Opposition predicts cash flow situation

The Opposition has confidently projected that the country’s cash flow will not improve in 2016.

They predicted that before the mid-year the nation would experience a deficit of over K1 billion. 

The Opposition is concerned that there is either no understanding of the actual situation or  the professional political negligence on the side of those in control. 

Polye believes that raising finance for meeting fixed commitments and priorities like health, education and infrastructure maintenance will be extremely difficult. 

“The local market has lost its appetite for Treasury Bills and Inscribed Stocks. 

“The private sector is being crowded out from finance as an unthinking O’Neill Government depends entirely on domestic finance for debt financing,” he said.

He added that the only relief our people will get is the positive impacts from lower fuel prices the world-over. 

“PNG’s transport, manufacture, retail and consumption should give competitive and affordable prices to our people.”

Polye is calling on the government to take caution in managing PNG’s current economic situation.

He said the nation is experiencing rapid increase in import demand leading to foreign exchange outflow. 

“This is exerting downward pressure on the kina.  This situation is exacerbated by PNG’s falling commodity prices (except for cocoa) and decline in foreign exchange inflows so that PNG’s foreign reserve is sinking.”

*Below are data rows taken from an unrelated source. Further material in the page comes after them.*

lemma std_alg_eq:
  "std_alg L = {std_alg_elem L Xs | Xs. list_all2 (\<lambda>X (d, c). X \<in> carrier_mat d d) Xs L}"
  unfolding std_alg_def std_alg_elem_def list_all2_conv_all_nth by (auto simp: case_prod_beta)

lemma std_alg_elem_carrier:
  "list_all2 (\<lambda>X (d, c). X \<in> carrier_mat d d) Xs L \<Longrightarrow> std_alg_elem L Xs \<in> carrier_mat (std_size L) (std_size L)"
  unfolding std_alg_elem_def carrier_mat_def dim_diag_block_mat
  by (induction rule: list_all2_induct) (auto simp: std_size_def dim_diag_block_mat sum_list_replicate)

lemma std_alg_carrier: "std_alg L \<subseteq> carrier_mat (std_size L) (std_size L)"
  unfolding std_alg_eq using std_alg_elem_carrier by blast

lemma std_alg_elem_append:
  assumes "list_all2 (\<lambda>X (d, c). X \<in> carrier_mat d d) Xs L1" "list_all2 (\<lambda>X (d, c). X \<in> carrier_mat d d) Ys L2"
  shows "std_alg_elem (L1 @ L2) (Xs @ Ys) = four_block_mat (std_alg_elem L1 Xs)
    (0\<^sub>m (std_size L1) (std_size L2)) (0\<^sub>m (std_size L2) (std_size L1)) (std_alg_elem L2 Ys)"
  using std_alg_elem_carrier[OF assms(1)] std_alg_elem_carrier[OF assms(2)] list_all2_lengthD[OF assms(1)]
  unfolding std_alg_elem_def by (simp add: diag_block_mat_append Let_def carrier_matD)

lemma std_alg_append:
  "std_alg (L1 @ L2) = block_diag_alg (std_size L1) (std_size L2) (std_alg L1) (std_alg L2)"
proof
  let ?P = "\<lambda>X (d, c). X \<in> carrier_mat d d"
  show "std_alg (L1 @ L2) \<subseteq> block_diag_alg (std_size L1) (std_size L2) (std_alg L1) (std_alg L2)"
  proof
    fix M assume "M \<in> std_alg (L1 @ L2)"
    then obtain Xs Ys where "list_all2 ?P Xs L1" "list_all2 ?P Ys L2" "M = std_alg_elem (L1 @ L2) (Xs @ Ys)"
      unfolding std_alg_eq list_all2_append2 by blast
    thus "M \<in> block_diag_alg (std_size L1) (std_size L2) (std_alg L1) (std_alg L2)"
      unfolding block_diag_alg_def std_alg_eq
      by (intro image_eqI[of _ _ "(std_alg_elem L1 Xs, std_alg_elem L2 Ys)"]) (auto simp: std_alg_elem_append)
  qed
  show "block_diag_alg (std_size L1) (std_size L2) (std_alg L1) (std_alg L2) \<subseteq> std_alg (L1 @ L2)"
    unfolding block_diag_alg_def std_alg_eq
    by (auto simp: std_alg_elem_append[symmetric] intro: list_all2_appendI)
qed

lemma unitarily_equiv_std_alg_append:
  assumes "unitarily_equiv (std_size L1) (std_alg L1) (std_alg M1)" "std_size M1 = std_size L1"
    and "unitarily_equiv (std_size L2) (std_alg L2) (std_alg M2)" "std_size M2 = std_size L2"
  shows "unitarily_equiv (std_size (L1 @ L2)) (std_alg (L1 @ L2)) (std_alg (M1 @ M2))"
  using unitarily_equiv_block_diag_alg[OF assms(1,3) std_alg_carrier std_alg_carrier] assms(2,4)
  by (simp add: std_alg_append)

lemma unitarily_equiv_std_alg_swap:
  "unitarily_equiv (std_size (L1 @ L2)) (std_alg (L1 @ L2)) (std_alg (L2 @ L1))"
  using unitarily_equiv_block_diag_alg_swap[OF std_alg_carrier std_alg_carrier]
  by (simp add: std_alg_append)

lemma unitarily_equiv_std_alg_perm:
  "mset L = mset L' \<Longrightarrow> unitarily_equiv (std_size L) (std_alg L) (std_alg L')"
proof (induction L arbitrary: L')
  case Nil
  then show ?case using unitarily_equiv_refl[OF std_alg_carrier] by simp
next
  case (Cons a L)
  have "a \<in> set L'" using Cons.prems by (metis list.set_intros(1) set_mset_mset)
  then obtain xs ys where L': "L' = xs @ a # ys" by (meson split_list)
  have "mset L = mset (xs @ ys)" using Cons.prems unfolding L' by simp
  hence "unitarily_equiv (std_size ([a] @ L)) (std_alg ([a] @ L)) (std_alg ([a] @ xs @ ys))"
    using unitarily_equiv_std_alg_append[OF unitarily_equiv_refl[OF std_alg_carrier] refl
        Cons.IH std_size_mset[symmetric]] by blast
  moreover have "unitarily_equiv (std_size (([a] @ xs) @ ys)) (std_alg (([a] @ xs) @ ys)) (std_alg ((xs @ [a]) @ ys))"
    by (rule unitarily_equiv_std_alg_append[OF unitarily_equiv_std_alg_swap _
          unitarily_equiv_refl[OF std_alg_carrier] refl]) (simp add: std_size_def)
  moreover have "std_size (a # xs @ ys) = std_size (a # L)"
    using \<open>mset L = mset (xs @ ys)\<close> by (intro std_size_mset) simp
  ultimately show ?case using unitarily_equiv_trans[OF _ _ std_alg_carrier] unfolding L' by simp
qed

lemma spectral_list_unitarily_equiv:
  assumes "spectral_list n A L" shows "unitarily_equiv n A (std_alg L)"
proof -
  obtain U where "unitary_mat n U" "(\<lambda>X. adj U * X * U) ` A = std_alg L"
    using assms unfolding spectral_list_def Setcompr_eq_image by blast
  thus ?thesis unfolding unitarily_equiv_def by (intro exI conjI) auto
qed

theorem lemma3p7:
  fixes n :: nat and \<A> \<B> :: "complex mat set" and S :: "complex mat"
    and L L' :: "(nat \<times> nat) list"
  assumes "unital_star_subalg n \<A>" and "unital_star_subalg n \<B>"
    and "spectral_list n \<A> L" and "spectral_list n \<B> L'" and "equiv_lists L L'"
    and "S \<in> carrier_mat n n"
  shows "unitary_orbit n (cond_exp \<A> ` unitary_orbit n {S})
           = unitary_orbit n (cond_exp \<B> ` unitary_orbit n {S})
       \<and> unitary_orbit n (cond_exp \<A> ` compressions n S)
           = unitary_orbit n (cond_exp \<B> ` compressions n S)"
proof -
  have size: "std_size L = n" "std_size L' = n"
    using assms(3,4) unfolding spectral_list_def std_size_def by auto
  have "unitarily_equiv n \<A> (std_alg L)" "unitarily_equiv n \<B> (std_alg L')"
    using spectral_list_unitarily_equiv assms(3,4) by blast+
  moreover have "unitarily_equiv n (std_alg L) (std_alg L')"
    using unitarily_equiv_std_alg_perm assms(5) size unfolding equiv_lists_def by metis
  ultimately have "unitarily_equiv n \<A> \<B>"
    using unitarily_equiv_trans unitarily_equiv_sym unital_star_subalg_carrier[OF assms(1)]
      unital_star_subalg_carrier[OF assms(2)] std_alg_carrier size by metis
  note orbits_eq = unitary_orbit_cond_exp_eq[OF assms(1,2) this]
  show ?thesis
    using orbits_eq[OF unitary_orbit_carrier unitary_orbit_conj_closed]
      orbits_eq[OF compressions_carrier compressions_conj_closed] assms(6)
    by simp
qed

end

Polye added that the Bank of PNG’s (BPNG) has intervened to slow depletion of foreign reserves to K500 million to K600 million per month. 

However, he said the situation will worsen as the backlog of foreign exchange outflows (orders) accumulate in the banks. 

“Therefore, the monthly economic review of a (9 to 10 month) import cover could be much less than the BPNG’s projections.  The actual Gross Foreign Reserve at present is worth only between 5 to 6 months of import cover!”